Hook for use in clearing a field. The ring was to attach a team of horses to help pull stubborn rocks or stumps out of the ground. That would be my guess.
Looks too hefty for a manhole hook, plus it was found on the edge of a farm - just where one would expect abandoned field-clearing gear.
So this was a great puzzle. It definitely is not a hand tool because of the attached ring and the angle on the bottom part is too steep and flared for prying things. Then if you look at the hole on the bar - it is carefully forged to ensure the directionality of the bottom edge.

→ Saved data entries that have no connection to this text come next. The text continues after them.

text \<open>Put \<open>C = \<nu>'(A) - \<nu>(A)\<close>. Because \<open>\<nu>\<close> is undirected and finer than \<open>\<nu>'\<close>, the sets \<open>A\<close>
  and \<open>B \<union> C\<close> are still separated for \<open>\<nu>\<close>, so CND for \<open>\<nu>\<close> makes \<open>F(A) \<or> M(A)\<close> and
  \<open>F(B \<union> C) \<or> M(B \<union> C)\<close> conditionally independent given \<open>M(\<nu>(A))\<close>. Since \<open>M(C)\<close> lies in
  the second \<sigma>-field, the weak union property of conditional independence moves it into the
  conditioning \<sigma>-field \<open>M(\<nu>(A)) \<or> M(C) = M(\<nu>'(A))\<close>, and shrinking the second \<sigma>-field to
  \<open>F(B) \<or> M(B)\<close> is harmless. Weak union holds because
  \<open>E[1(X \<inter> Y) | H \<or> K] = E[1(X) | H] E[1(Y) | H \<or> K]\<close> can be checked on the \<pi>-system of
  rectangles \<open>D\<^sub>1 \<inter> D\<^sub>2\<close> with \<open>D\<^sub>1 \<in> H\<close>, \<open>D\<^sub>2 \<in> K\<close>, and then extends to \<open>H \<or> K\<close> by Dynkin's
  \<pi>-\<lambda> theorem.\<close>

lemma integral_indicator_eq_on_sigma_sets:
  fixes f g :: "'a \<Rightarrow> real"
  assumes "finite_measure M" "integrable M f" "integrable M g"
    and P: "Int_stable P" "P \<subseteq> sets M" "space M \<in> P"
    and eq: "\<And>D. D \<in> P \<Longrightarrow> (\<integral>x. indicator D x * f x \<partial>M) = (\<integral>x. indicator D x * g x \<partial>M)"
    and D: "D \<in> sigma_sets (space M) P"
  shows "(\<integral>x. indicator D x * f x \<partial>M) = (\<integral>x. indicator D x * g x \<partial>M)"
proof -
  have P_Pow: "P \<subseteq> Pow (space M)" using P(2) sets.space_closed by blast
  from P(1) P_Pow D show ?thesis
  proof (induction rule: sigma_sets_induct_disjoint)
    case (basic A)
    then show ?case by (rule eq)
  next
    case empty
    then show ?case by simp
  next
    case (compl A)
    have A: "A \<in> sets M" using compl.hyps P(2) sets.sigma_sets_subset by blast
    have split: "(\<integral>x. indicator (space M - A) x * h x \<partial>M)
        = (\<integral>x. indicator (space M) x * h x \<partial>M) - (\<integral>x. indicator A x * h x \<partial>M)"
      if "integrable M h" for h :: "'a \<Rightarrow> real"
    proof -
      have "(\<integral>x. indicator (space M - A) x * h x \<partial>M)
          = (\<integral>x. indicator (space M) x * h x - indicator A x * h x \<partial>M)"
        using sets.sets_into_space[OF A] by (intro Bochner_Integration.integral_cong) (auto simp: indicator_def)
      also have "\<dots> = (\<integral>x. indicator (space M) x * h x \<partial>M) - (\<integral>x. indicator A x * h x \<partial>M)"
        using that A integrable_mult_indicator[of _ M h] by (intro Bochner_Integration.integral_diff) auto
      finally show ?thesis .
    qed
    show ?case
      using split[OF assms(2)] split[OF assms(3)] eq[OF P(3)] compl.IH by simp
  next
    case (union A)
    have A: "range A \<subseteq> sets M" using union.hyps P(2) sets.sigma_sets_subset by blast
    have "(\<integral>x. indicator (\<Union>i. A i) x * h x \<partial>M) = (\<Sum>i. \<integral>x. indicator (A i) x * h x \<partial>M)"
      if "integrable M h" for h :: "'a \<Rightarrow> real"
      using lebesgue_integral_countable_add[of A M h] A union.hyps(1) that
        integrable_mult_indicator[of "\<Union>i. A i" M h]
      by (auto simp: set_lebesgue_integral_def set_integrable_def disjoint_family_on_def)
    then show ?case
      using assms(2,3) union.IH by simp
  qed
qed

lemma real_cond_exp_indicator_bounds:
  assumes "prob_space M" "subalgebra M H" "X \<in> sets M"
  shows "AE x in M. 0 \<le> real_cond_exp M H (indicator X) x \<and> real_cond_exp M H (indicator X) x \<le> 1"
proof -
  interpret prob_space M by fact
  interpret finite_measure_subalgebra M H using assms(2) by unfold_locales
  have "integrable M (indicator X :: 'a \<Rightarrow> real)"
    using assms(3) by (intro integrable_real_indicator) (auto simp: less_top[symmetric])
  then have "AE x in M. real_cond_exp M H (indicator X) x \<le> 1"
    by (rule real_cond_exp_le_c) (auto simp: indicator_def)
  moreover have "AE x in M. 0 \<le> real_cond_exp M H (indicator X) x"
    using assms(3) by (intro real_cond_exp_pos) auto
  ultimately show ?thesis by eventually_elim auto
qed

lemma
  assumes "subalgebra M H" "subalgebra M K"
  shows sets_sigma_Un_subalgebras: "sets (sigma (space M) (sets H \<union> sets K)) = sigma_sets (space M) (sets H \<union> sets K)"
    and subalgebra_sigma_Un: "subalgebra M (sigma (space M) (sets H \<union> sets K))"
    and subalgebra_sigma_Un_left: "subalgebra (sigma (space M) (sets H \<union> sets K)) H"
proof -
  have HK: "sets H \<union> sets K \<subseteq> sets M" using assms by (auto simp: subalgebra_def)
  have Pow: "sets H \<union> sets K \<subseteq> Pow (space M)" using HK sets.space_closed by blast
  then show sets_HK: "sets (sigma (space M) (sets H \<union> sets K)) = sigma_sets (space M) (sets H \<union> sets K)"
    by simp
  show "subalgebra M (sigma (space M) (sets H \<union> sets K))"
    unfolding subalgebra_def sets_HK using sets.sigma_sets_subset[OF HK] Pow by simp
  show "subalgebra (sigma (space M) (sets H \<union> sets K)) H"
    unfolding subalgebra_def sets_HK using assms(1) Pow by (auto simp: subalgebra_def)
qed

definition rectangles :: "'a measure \<Rightarrow> 'a measure \<Rightarrow> 'a set set" where
  "rectangles H K = {D1 \<inter> D2 | D1 D2. D1 \<in> sets H \<and> D2 \<in> sets K}"

lemma Int_stable_rectangles: "Int_stable (rectangles H K)"
  unfolding Int_stable_def rectangles_def
proof clarify
  fix D1 D2 E1 E2 assume "D1 \<in> sets H" "D2 \<in> sets K" "E1 \<in> sets H" "E2 \<in> sets K"
  then show "\<exists>F1 F2. D1 \<inter> D2 \<inter> (E1 \<inter> E2) = F1 \<inter> F2 \<and> F1 \<in> sets H \<and> F2 \<in> sets K"
    by (intro exI[of _ "D1 \<inter> E1"] exI[of _ "D2 \<inter> E2"]) auto
qed

lemma
  assumes "subalgebra M H" "subalgebra M K"
  shows rectangles_subset_sets: "rectangles H K \<subseteq> sets M"
    and space_in_rectangles: "space M \<in> rectangles H K"
    and sets_sigma_Un_subset_rectangles:
      "sets (sigma (space M) (sets H \<union> sets K)) \<subseteq> sigma_sets (space M) (rectangles H K)"
proof -
  have H_M: "sets H \<subseteq> sets M" and K_M: "sets K \<subseteq> sets M"
    and space: "space H = space M" "space K = space M"
    using assms by (auto simp: subalgebra_def)
  then show "rectangles H K \<subseteq> sets M" by (auto simp: rectangles_def)
  have H_rect: "sets H \<subseteq> rectangles H K"
  proof
    fix D assume D: "D \<in> sets H"
    then have "D = D \<inter> space M" using H_M sets.sets_into_space by blast
    with D show "D \<in> rectangles H K" unfolding rectangles_def using sets.top[of K] space by auto
  qed
  then show "space M \<in> rectangles H K" using sets.top[of H] space by auto
  have "sets K \<subseteq> rectangles H K"
  proof
    fix D assume D: "D \<in> sets K"
    then have "D = space M \<inter> D" using K_M sets.sets_into_space by blast
    with D show "D \<in> rectangles H K" unfolding rectangles_def using sets.top[of H] space by auto
  qed
  with H_rect show "sets (sigma (space M) (sets H \<union> sets K)) \<subseteq> sigma_sets (space M) (rectangles H K)"
    unfolding sets_sigma_Un_subalgebras[OF assms] by (intro sigma_sets_subseteq) auto
qed

context
  fixes M G1 G2 H K :: "'a measure"
  assumes prob: "prob_space M"
    and sub_G1: "subalgebra M G1" and sub_G2: "subalgebra M G2"
    and sub_H: "subalgebra M H" and sub_K: "subalgebra M K"
    and K_G2: "sets K \<subseteq> sets G2"
    and cond_indep: "cond_indep M G1 G2 H"
begin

Also of interest is that Harborton (the town where it was found) is in Virginia which is coal country. So I started thinking about coal mining - but could come up with nothing miners would use this for. Then I looked around and Viola - I think this is IT.
If you look at that image - there is a mining car on inclined rails. Look at how the car is chained and you will hopefully see this part. This part is called a fishing hook for a mining car here. If the car came loose or the engine failed or it was parked - this thing will fall to the ground (sleepers) and lodge into the tracks so the car would stop rolling backwards (Reminds me of Kramer giving Newman a ride on the rickshaw and what followed :))

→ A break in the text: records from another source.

(* Let $n \ge 2$ and let $K, L$ be compact convex subsets of $\mathbb{R}^n$. Suppose that for every unit vector $u$, the projection $L_u$ contains a translate of $K_u$. Then there exists $x \in \mathbb{R}^n$ such that $$K + x \subseteq \tfrac{n}{n-1} L.$$
   Context: For a set $S \subseteq \mathbb{R}^n$ and a unit vector $u$, $S_u$ denotes the orthogonal projection of $S$ onto the hyperplane $u^\perp$. "$A$ contains a translate of $B$" means $B+w\subseteq A$ for some vector $w$. For $c>0$, $cL=\{cy : y\in L\}$. *)

theory Defs
  imports "HOL-Analysis.Analysis"
begin

definition proj_hyp :: "'a::euclidean_space \<Rightarrow> 'a set \<Rightarrow> 'a set" where
  "proj_hyp u S = (\<lambda>y. y - (y \<bullet> u) *\<^sub>R u) ` S"

definition contains_translate :: "'a::real_vector set \<Rightarrow> 'a set \<Rightarrow> bool" where
  "contains_translate A B \<longleftrightarrow> (\<exists>w. (\<lambda>y. y + w) ` B \<subseteq> A)"

end

theory Submission
  imports Defs
begin

text \<open>
  Let n = DIM('a) \<ge> 2, c = n / (n - 1) and C = c L.  By Helly's theorem and compactness
  (lemma translate_into_by_Helly) it suffices to translate any n + 1 points k 0, ..., k n of K
  simultaneously into C (lemma simplex_translates_into_scaled).  For this, choose x minimising
  \<Phi>(x) = \<Sum>i. dist(k i + x, C)^2, let p i = c q i be the points of C nearest to k i + x, and
  r i = k i + x - p i the residuals.  Minimality gives \<Sum>i. r i = 0, and q i maximises the
  functional \<langle>-, r i\<rangle> on L.  For a pair a \<noteq> b, the n vectors r i (i \<noteq> a, b) and
  r a + r b sum to zero, so they span at most n - 1 dimensions and lie in a hyperplane u^\<bottom>;
  the hypothesis on the projection onto u^\<bottom> then bounds \<langle>k i, r i\<rangle> by the support numbers
  of L (lemma pair_inequality, with k a, k b replaced by their midpoint).  Averaging over all
  pairs (lemma pair_average) gives (n - 1) \<Sum>\<langle>k i, r i\<rangle> \<le> n \<Sum>\<langle>q i, r i\<rangle>, whereas
  c \<Sum>\<langle>q i, r i\<rangle> = \<Sum>\<langle>k i, r i\<rangle> - \<Phi>(x).  Together these force \<Phi>(x) = 0, i.e. all
  k i + x \<in> C (lemma balanced_residuals_vanish).
\<close>

text \<open>If the projection of L onto u^\<bottom> contains a translate (by w) of the projection of K, then
  for every y \<in> K and every f \<perp> u some l \<in> L satisfies \<langle>y + w, f\<rangle> = \<langle>l, f\<rangle>: projecting
  along u does not change inner products with f.\<close>
lemma translate_of_projection_inner:
  fixes K L :: "'a::euclidean_space set"
  assumes "contains_translate (proj_hyp u L) (proj_hyp u K)"
  obtains w where "\<And>y f. y \<in> K \<Longrightarrow> f \<bullet> u = 0 \<Longrightarrow> \<exists>l\<in>L. y \<bullet> f + w \<bullet> f = l \<bullet> f"
proof -
  obtain w where w: "(\<lambda>y. y + w) ` proj_hyp u K \<subseteq> proj_hyp u L"
    using assms unfolding contains_translate_def by blast
  have "\<exists>l\<in>L. y \<bullet> f + w \<bullet> f = l \<bullet> f" if "y \<in> K" "f \<bullet> u = 0" for y f
  proof -
    have "(y - (y \<bullet> u) *\<^sub>R u) + w \<in> proj_hyp u L"
      using w that(1) unfolding proj_hyp_def by blast
    then obtain l where l: "l \<in> L" "(y - (y \<bullet> u) *\<^sub>R u) + w = l - (l \<bullet> u) *\<^sub>R u"
      unfolding proj_hyp_def by blast
    have "((y - (y \<bullet> u) *\<^sub>R u) + w) \<bullet> f = (l - (l \<bullet> u) *\<^sub>R u) \<bullet> f"
      using l(2) by simp
    moreover have "u \<bullet> f = 0"
      using that(2) by (simp add: inner_commute)
    ultimately have "y \<bullet> f + w \<bullet> f = l \<bullet> f"
      by (simp add: inner_diff_left inner_add_left)
    then show ?thesis using l(1) by blast
  qed
  then show ?thesis using that by blast
qed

I do not have first hand experience and could definitely be wrong. Just going with my engineering intuition here. It could also be a hook to hold other types of carriages from rolling back on slopes.
It has the shape of a tire iron used to mount tires on a rim. That one might be used for tractor tires or construction equipment. The ring doesn’t look very utile, just something to hang it on the wall. The flattened end seems too be too thin for anything that would be lifted with a pry bar that heavy, and the arm is too short to get enough leverage on very heavy items. It might also me a metal working tool for pulling dents in heavy metal.

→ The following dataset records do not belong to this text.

lemma map_strict_mono_simplices:
  fixes E :: "nat \<Rightarrow> nat"
  assumes E: "strict_mono_on {0..d} E" and "E ` {0..d} \<subseteq> {0..n}"
  shows "map E ` simplices d = {ys \<in> simplices n. set ys \<subseteq> E ` {0..d}}"
proof (intro equalityI subsetI)
  fix ys assume "ys \<in> map E ` simplices d"
  then obtain xs where xs: "xs \<noteq> []" "sorted xs" "set xs \<subseteq> {0..d}" and ys: "ys = map E xs"
    unfolding simplices_def by blast
  have "sorted ys"
    unfolding ys using xs by (intro sorted_map_mono) (auto intro: strict_mono_on_leD[OF E] simp: mono_on_def)
  with xs ys assms(2) show "ys \<in> {ys \<in> simplices n. set ys \<subseteq> E ` {0..d}}"
    unfolding simplices_def by auto
next
  fix ys assume "ys \<in> {ys \<in> simplices n. set ys \<subseteq> E ` {0..d}}"
  then have ys: "ys \<noteq> []" "sorted ys" "set ys \<subseteq> E ` {0..d}" unfolding simplices_def by auto
  define E' where "E' = the_inv_into {0..d} E"
  have inj: "inj_on E {0..d}" using E by (rule strict_mono_on_imp_inj_on)
  have E'_range: "E' v \<in> {0..d}" and E_E': "E (E' v) = v" if "v \<in> E ` {0..d}" for v
    using the_inv_into_into[OF inj that order_refl] f_the_inv_into_f[OF inj that]
    unfolding E'_def by auto
  have "mono_on (E ` {0..d}) E'"
  proof (rule mono_onI)
    fix v w assume "v \<in> E ` {0..d}" "w \<in> E ` {0..d}" "v \<le> w"
    then show "E' v \<le> E' w"
      using E_E' E'_range strict_mono_onD[OF E, of "E' w" "E' v"] by (metis leI leD)
  qed
  then have "sorted (map E' ys)" using ys by (auto intro: sorted_map_mono mono_on_subset)
  moreover have "map E (map E' ys) = ys" using ys(3) E_E' by (induction ys) auto
  ultimately show "ys \<in> map E ` simplices d"
    using ys E'_range unfolding simplices_def by (intro rev_image_eqI[of "map E' ys"]) auto
qed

This is a darn good theory. The only problem I see is that the loop on the end doesn’t seem like a good way to attach it because it wouldn’t ensure that the hook dropped straight down. In your picture, the end is attached by the shaft being bent 180 degrees around an attachment point on the cart, ensuring that the only way for the hook to fall would be straight down. The loop would probably still work, but seems an odd way to go about it.
Unfortunately, “mine cart fishing hook” is hard to search, most of the results are for hooks to catch fish with. The only hit I got regarding mining was the page you linked to. I noticed that your link is for a book written in 1993 for small scale mining, I wonder if larger or older mining operations had a different name for it. I tried “mining cart sleeper hook,” “emergency hook,” “parking hook” and some others but got no results.
Unfortunately it was found on Virginia’s Eastern Shore, far from coal country. It’s tidewater, rural, with one small rail line and an economy based on fishing and agriculture at most.
It doesn’t appear to be any kind of hay tool, or manhole/grate pry tool, or the reef tool. All of those have points on them. This has a flat.
It looks like maybe a kind of pry tool - hard to tell because the enlarged picture has a caption box over that part of the image.
I agree the curve in the shape appears intentional.
I agree the ring is purposeful, not merely decoration or for hanging on a wall. I would suspect for attaching with a strap or anchoring in some manner that allows the thing to rotate/swing.
The mine cart emergency brake (fishing hook) looks just about right. That line drawing is hard to tell, but if you look in the area of attachment in the bottom of the cart, it could be a ring that is anchored by another loop of metal to the cart underside, allowing the tool to float with the chain during pulling and hauling, but guiding the point down as it falls free to find the anchor. To me, that is the most likely.
I think the hole through the tool that the ring is set in would control the angle of the fall if the ring were anchored flat against, with a loop to secure it. Imagine the hand in that picture as a solid metal flange bolted flat to the cart. The ring would rotate around that pivot, but not twist out of plane. The bar would fall straight, but would have some side to side float when the chain is being pulled on, like going around turns.
Large baling hook?
That curved, non-sharp, end looks like it might be useful in moving around large, possibly wet, pieces of netting or sailcloth without causing much damage.
No, because the distance the device would push the bundle is too small, it would just make a dent which springs back to original when the force is released to move the fulcrum …
The circular handle shows that it was not for use with any machine or wire attachment or anything. The ring is just a quick cheap handle to add, for tying it and for giving people the option to hold it with their palm at various places (angles… as wrists and hands can be at various angles on arms…and arms vary their angle to the body…)
Its not a lever designed for water grates, as there is no use for the fulcrum with the grate… The grate’s surrounds provide the fulcrum… Well if the surrounds were damaged and eroded then you might need to provide a fulcrum.
But no you can tell it is for plumbers… for putting pipes in the ground. The curve allows for the handle to go straight up … where as the straight bar has to be at some great angle to get under a pipe…
This fulcrum is for lifting pipes… You put the sharp end under one end of the pipe, and lever it up, and then the pipe can be shifted more easily.
It could be used for root removal, perhaps what it was used for at the farm.
I’m pulling, not pushing.
The edge on the business end looks dull to me. It’s a poor picture, but you could be right. Wouldn’t want something like that anywhere near sailcloth or nets.